According to the department, the 87 doctors went back on their promise to serve in the province’s public health facilities, and they are now required to repay the money spent educating them.

“Up to R387 000 has been spent on putting these doctors through university,” said the department’s spokesman, Sizwe Kupelo.

The students were given bursaries in exchange for them completing their community service year in understaffed hospitals in the Eastern Cape’s rural areas.

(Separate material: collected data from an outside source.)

(* Let $X\in\{0,1\}$ be binary. Assume consistency $Y=Y_X$, conditional ignorability $(Y_0,Y_1)\perp X\mid\boldsymbol Z$, and positivity $0<P(X=1\mid\boldsymbol Z=\boldsymbol z)<1$ for all $\boldsymbol z$. Then $$\mathcal{CI}_X=e_{\mathrm{cond}}-e_{\mathrm{orig}}=2\,\mathbb E_{\boldsymbol Z}\Big(\mathbb V(X\mid\boldsymbol Z)\big[\mathbb E(Y_1\mid\boldsymbol Z)-\mathbb E(Y_0\mid\boldsymbol Z)\big]^2\Big).$$
   Context: Let $O=(Y,X,\boldsymbol Z)$ be a random vector with real outcome $Y$, $\mathbb E[Y^2]<\infty$, predictor/treatment $X$ and covariate vector $\boldsymbol Z$, and $f_0(x,\boldsymbol z)=\mathbb E(Y\mid X=x,\boldsymbol Z=\boldsymbol z)$. Let $(Y^{(a)},X^{(a)},\boldsymbol Z)$ have the law of $O$, and let $X^{(b)}$ be, conditionally on $\boldsymbol Z$, distributed as $X\mid\boldsymbol Z$ and conditionally independent of $(Y^{(a)},X^{(a)})$ given $\boldsymbol Z$. Define $e_{\mathrm{orig}}=\mathbb E[(Y^{(a)}-f_0(X^{(a)},\boldsymbol Z))^2]$, $e_{\mathrm{cond}}=\mathbb E[(Y^{(a)}-f_0(X^{(b)},\boldsymbol Z))^2]$ (assumed finite), and the Conditional Variable Importance Metric (CVIM) $\mathcal{CI}_X=e_{\mathrm{cond}}-e_{\mathrm{orig}}$. $Y_x$ denotes the potential outcome under $X=x$. *)

theory Defs
  imports "HOL-Probability.Probability"
begin

definition sigma_gen :: "'a measure \<Rightarrow> 'b measure \<Rightarrow> ('a \<Rightarrow> 'b) \<Rightarrow> 'a measure" where
  "sigma_gen M N V = vimage_algebra (space M) V N"

definition cexp :: "'a measure \<Rightarrow> 'z measure \<Rightarrow> ('a \<Rightarrow> 'z) \<Rightarrow> ('a \<Rightarrow> real) \<Rightarrow> ('a \<Rightarrow> real)" where
  "cexp M N Z f = real_cond_exp M (sigma_gen M N Z) f"

definition cprob :: "'a measure \<Rightarrow> 'z measure \<Rightarrow> ('a \<Rightarrow> 'z) \<Rightarrow> ('a \<Rightarrow> 'u) \<Rightarrow> 'u set \<Rightarrow> ('a \<Rightarrow> real)" where
  "cprob M N Z U A = cexp M N Z (\<lambda>\<omega>. indicator A (U \<omega>))"

definition cvar :: "'a measure \<Rightarrow> 'z measure \<Rightarrow> ('a \<Rightarrow> 'z) \<Rightarrow> ('a \<Rightarrow> real) \<Rightarrow> ('a \<Rightarrow> real)" where
  "cvar M N Z f = cexp M N Z (\<lambda>\<omega>. (f \<omega> - cexp M N Z f \<omega>)\<^sup>2)"

definition cond_indep ::
  "'a measure \<Rightarrow> 'z measure \<Rightarrow> ('a \<Rightarrow> 'z) \<Rightarrow> 'u measure \<Rightarrow> ('a \<Rightarrow> 'u) \<Rightarrow> 'v measure \<Rightarrow> ('a \<Rightarrow> 'v) \<Rightarrow> bool" where
  "cond_indep M N Z P U Q V \<longleftrightarrow>
     (\<forall>A\<in>sets P. \<forall>B\<in>sets Q. AE \<omega> in M.
        cexp M N Z (\<lambda>\<omega>. indicator A (U \<omega>) * indicator B (V \<omega>)) \<omega>
          = cprob M N Z U A \<omega> * cprob M N Z V B \<omega>)"

definition cond_same_dist ::
  "'a measure \<Rightarrow> 'z measure \<Rightarrow> ('a \<Rightarrow> 'z) \<Rightarrow> 'u measure \<Rightarrow> ('a \<Rightarrow> 'u) \<Rightarrow> ('a \<Rightarrow> 'u) \<Rightarrow> bool" where
  "cond_same_dist M N Z P U V \<longleftrightarrow>
     (\<forall>A\<in>sets P. AE \<omega> in M. cprob M N Z U A \<omega> = cprob M N Z V A \<omega>)"

text \<open>f0 is a version of the regression function E(Y | X = x, Z = z)\<close>
definition is_regression ::
  "'a measure \<Rightarrow> 'z measure \<Rightarrow> ('a \<Rightarrow> real) \<Rightarrow> ('a \<Rightarrow> real) \<Rightarrow> ('a \<Rightarrow> 'z) \<Rightarrow> (real \<Rightarrow> 'z \<Rightarrow> real) \<Rightarrow> bool" where
  "is_regression M N Y X Z f0 \<longleftrightarrow>
     (\<lambda>(x, z). f0 x z) \<in> borel_measurable (borel \<Otimes>\<^sub>M N) \<and>
     (AE \<omega> in M. f0 (X \<omega>) (Z \<omega>) = cexp M (borel \<Otimes>\<^sub>M N) (\<lambda>\<omega>. (X \<omega>, Z \<omega>)) Y \<omega>)"

end

theory Submission
  imports Defs
begin

text \<open>
  Write \<open>Y - f0(Xb, Z) = R + k\<close> with the residual \<open>R = Y - f0(X, Z)\<close> and
  \<open>k = f0(X, Z) - f0(Xb, Z)\<close>. Given \<open>Z\<close>, the copy \<open>Xb\<close> is independent of
  \<open>(Y, X)\<close>, so in \<open>E(R k)\<close> the indicators of \<open>Xb\<close> may be replaced by their conditional
  probabilities given \<open>Z\<close>; what is left is \<open>R\<close> times a function of \<open>(X, Z)\<close>, which
  integrates to zero because \<open>f0(X, Z) = E(Y | X, Z)\<close>. Hence \<open>e_cond - e_orig = E k\<^sup>2\<close>.
  For binary treatments \<open>k = \<plusminus>(f0(1, Z) - f0(0, Z))\<close> on the event \<open>X \<noteq> Xb\<close>, whose
  conditional probability given \<open>Z\<close> is \<open>2 p (1 - p) = 2 V(X | Z)\<close> for
  \<open>p = P(X = 1 | Z)\<close>. Finally consistency, ignorability and positivity identify
  \<open>f0(a, Z)\<close> with \<open>E(Y\<^sub>a | Z)\<close>.
\<close>

lemma abs_mult_le_sum_squares: "\<bar>(a::real) * b\<bar> \<le> a\<^sup>2 + b\<^sup>2"
proof -
  have "2 * (\<bar>a\<bar> * \<bar>b\<bar>) \<le> a\<^sup>2 + b\<^sup>2"
    using zero_le_square[of "\<bar>a\<bar> - \<bar>b\<bar>"] by (simp add: power2_eq_square algebra_simps)
  moreover have "0 \<le> \<bar>a\<bar> * \<bar>b\<bar>" by simp
  ultimately show ?thesis unfolding abs_mult by linarith
qed

lemma integrable_mult_of_square_integrable:
  fixes f g :: "'a \<Rightarrow> real"
  assumes "f \<in> borel_measurable M" "g \<in> borel_measurable M"
    and "integrable M (\<lambda>x. (f x)\<^sup>2)" "integrable M (\<lambda>x. (g x)\<^sup>2)"
  shows "integrable M (\<lambda>x. f x * g x)"
  by (rule Bochner_Integration.integrable_bound[where f="\<lambda>x. (f x)\<^sup>2 + (g x)\<^sup>2"])
    (use assms abs_mult_le_sum_squares in auto)

lemma integrable_square_diff:
  fixes f g :: "'a \<Rightarrow> real"
  assumes "f \<in> borel_measurable M" "g \<in> borel_measurable M"
    and "integrable M (\<lambda>x. (f x)\<^sup>2)" "integrable M (\<lambda>x. (g x)\<^sup>2)"
  shows "integrable M (\<lambda>x. (f x - g x)\<^sup>2)"
proof -
  have "integrable M (\<lambda>x. (f x)\<^sup>2 + (g x)\<^sup>2 - 2 * (f x * g x))"
    using assms integrable_mult_of_square_integrable[OF assms] by auto
  then show ?thesis by (simp add: power2_diff mult.assoc)
qed

lemma integrable_weight_mult:
  fixes g q Y :: "'a \<Rightarrow> real"
  assumes [measurable]: "g \<in> borel_measurable M" "q \<in> borel_measurable M" "Y \<in> borel_measurable M"
    and q01: "AE \<omega> in M. 0 \<le> q \<omega> \<and> q \<omega> \<le> 1"
    and "integrable M (\<lambda>\<omega>. (g \<omega>)\<^sup>2 * q \<omega>)" "integrable M (\<lambda>\<omega>. (Y \<omega>)\<^sup>2)"
  shows "integrable M (\<lambda>\<omega>. g \<omega> * q \<omega> * Y \<omega>)"
proof (rule Bochner_Integration.integrable_bound)
  show "integrable M (\<lambda>\<omega>. (Y \<omega>)\<^sup>2 + (g \<omega>)\<^sup>2 * q \<omega>)"
    using assms(5,6) by auto
  show "AE \<omega> in M. norm (g \<omega> * q \<omega> * Y \<omega>) \<le> norm ((Y \<omega>)\<^sup>2 + (g \<omega>)\<^sup>2 * q \<omega>)"
    using q01
  proof eventually_elim
    case (elim \<omega>)
    have "\<bar>g \<omega> * q \<omega> * Y \<omega>\<bar> \<le> (Y \<omega>)\<^sup>2 + (g \<omega>)\<^sup>2 * (q \<omega>)\<^sup>2"
      using abs_mult_le_sum_squares[of "g \<omega> * q \<omega>" "Y \<omega>"] by (simp add: power_mult_distrib)
    also have "\<dots> \<le> (Y \<omega>)\<^sup>2 + (g \<omega>)\<^sup>2 * q \<omega>"
      using elim by (intro add_left_mono mult_left_mono) (auto simp: power2_eq_square mult_left_le_one_le)
    finally show ?case by simp
  qed
qed simp

lemma
  fixes x x' :: real and g :: "real \<Rightarrow> 'b \<Rightarrow> real"
  assumes "x \<in> {0, 1}" "x' \<in> {0, 1}"
  shows diff_binary_indicators: "g x z - g x' z
      = indicator {1} x * (g 1 z - g 0 z) * indicator {0} x' - indicator {0} x * (g 1 z - g 0 z) * indicator {1} x'"
    and square_diff_binary_indicators: "(g x z - g x' z)\<^sup>2
      = indicator {1} x * (g 1 z - g 0 z)\<^sup>2 * indicator {0} x' + indicator {0} x * (g 1 z - g 0 z)\<^sup>2 * indicator {1} x'"
  using assms by (auto simp: power2_commute)

lemma integral_square_add:
  fixes f g :: "'a \<Rightarrow> real"
  assumes "f \<in> borel_measurable M" "g \<in> borel_measurable M"
    and "integrable M (\<lambda>x. (f x)\<^sup>2)" "integrable M (\<lambda>x. (g x)\<^sup>2)"
  shows "(\<integral>x. (f x + g x)\<^sup>2 \<partial>M)
      = (\<integral>x. (f x)\<^sup>2 \<partial>M) + 2 * (\<integral>x. f x * g x \<partial>M) + (\<integral>x. (g x)\<^sup>2 \<partial>M)"
proof -
  have "integrable M (\<lambda>x. f x * g x)" by (rule integrable_mult_of_square_integrable[OF assms])
  then show ?thesis
    using assms(3,4) by (simp add: power2_sum mult.assoc)
qed

lemma (in prob_space) integrable_square_cond_exp:
  assumes "sigma_finite_subalgebra M F" "f \<in> borel_measurable M" "integrable M (\<lambda>x. (f x)\<^sup>2)"
  shows "integrable M (\<lambda>x. (real_cond_exp M F f x)\<^sup>2)"
proof -
  interpret sigma_finite_subalgebra M F by fact
  show ?thesis
    using integrable_convex_cond_exp[OF square_integrable_imp_integrable[OF assms(2,3)], of UNIV 0 0 power2]
      assms(3) convex_power2 by auto
qed

lemma measurable_sigma_gen:
  assumes "Z \<in> measurable M N"
  shows "Z \<in> measurable (sigma_gen M N Z) N"
  unfolding sigma_gen_def using assms by (intro measurable_vimage_algebra1) (auto dest: measurable_space)

lemma
  assumes "X \<in> measurable M P" "Z \<in> measurable M N"
  shows measurable_fst_sigma_gen: "X \<in> measurable (sigma_gen M (P \<Otimes>\<^sub>M N) (\<lambda>\<omega>. (X \<omega>, Z \<omega>))) P"
    and measurable_snd_sigma_gen: "Z \<in> measurable (sigma_gen M (P \<Otimes>\<^sub>M N) (\<lambda>\<omega>. (X \<omega>, Z \<omega>))) N"
proof -
  have "(\<lambda>\<omega>. (X \<omega>, Z \<omega>)) \<in> measurable (sigma_gen M (P \<Otimes>\<^sub>M N) (\<lambda>\<omega>. (X \<omega>, Z \<omega>))) (P \<Otimes>\<^sub>M N)"
    using assms by (intro measurable_sigma_gen) measurable
  from measurable_fst'[OF this] measurable_snd'[OF this]
  show "X \<in> measurable (sigma_gen M (P \<Otimes>\<^sub>M N) (\<lambda>\<omega>. (X \<omega>, Z \<omega>))) P"
    "Z \<in> measurable (sigma_gen M (P \<Otimes>\<^sub>M N) (\<lambda>\<omega>. (X \<omega>, Z \<omega>))) N"
    by simp_all
qed

lemma measurable_sigma_gen_Pair:
  assumes "X \<in> measurable M P" "Z \<in> measurable M N" "h \<in> measurable (sigma_gen M N Z) K"
  shows "h \<in> measurable (sigma_gen M (P \<Otimes>\<^sub>M N) (\<lambda>\<omega>. (X \<omega>, Z \<omega>))) K"
proof -
  have "(\<lambda>x. x) \<in> measurable (sigma_gen M (P \<Otimes>\<^sub>M N) (\<lambda>\<omega>. (X \<omega>, Z \<omega>))) (sigma_gen M N Z)"
    using measurable_snd_sigma_gen[OF assms(1,2)] unfolding sigma_gen_def
    by (intro measurable_vimage_algebra2) (auto simp: space_vimage_algebra)
  then show ?thesis using measurable_compose[OF _ assms(3)] by auto
qed

lemma
  shows measurable_fst_borel [measurable]:
    "fst \<in> borel_measurable (borel :: ('a::second_countable_topology \<times> 'b::second_countable_topology) measure)"
    and measurable_snd_borel [measurable]:
    "snd \<in> borel_measurable (borel :: ('a::second_countable_topology \<times> 'b::second_countable_topology) measure)"
  unfolding borel_prod[symmetric] by simp_all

The KwaZulu-Natal Health Department has said it has no such problem. The KZN department’s spokesman, Chris Maxon, said 425 people had been registered in the province to complete their community service year, and so far, there had been no reports of any of them not showing up for duty.

Medical students in South Africa are required to study for six years, followed by a one year internship at a teaching hospital, and one year of community service.

Dr Norman Mabasa, a spokesman for the South African Medical Association, said 80 percent of the medical students in the country were on some kind of loan from the government – which cost up to R250 million a year. “Sama supports the funding of students, as many people cannot afford to go to medical school,” he said.

Mabasa said the Eastern Cape was experiencing this problem as there were few incentives to work in rural areas. “Many of these newly qualified doctors come from rural areas in the Eastern Cape, and they are given bursaries to study in places like Wits, UCT, and UKZN,” he said.

“The problem comes when they don’t want to return to the Eastern Cape. It is an under-resourced province, and these doctors would rather work in other provinces.”

Kupelo said even though the province’s hospitals were understaffed, the department would tackle the challenge head-on. “The measures put in place will persuade the bursary professionals to remain in the province,” he said.

Repercussions for medical practitioners who break their agreement include using legal means to force them to pay back their fees, blacklisting them until the money is paid, and deregistration from the Health Professions Council of South Africa.

Mabasa agreed with the Eastern Cape’s Health Department, saying all doctors had a duty to fulfil their agreements and meet their part of the bargain.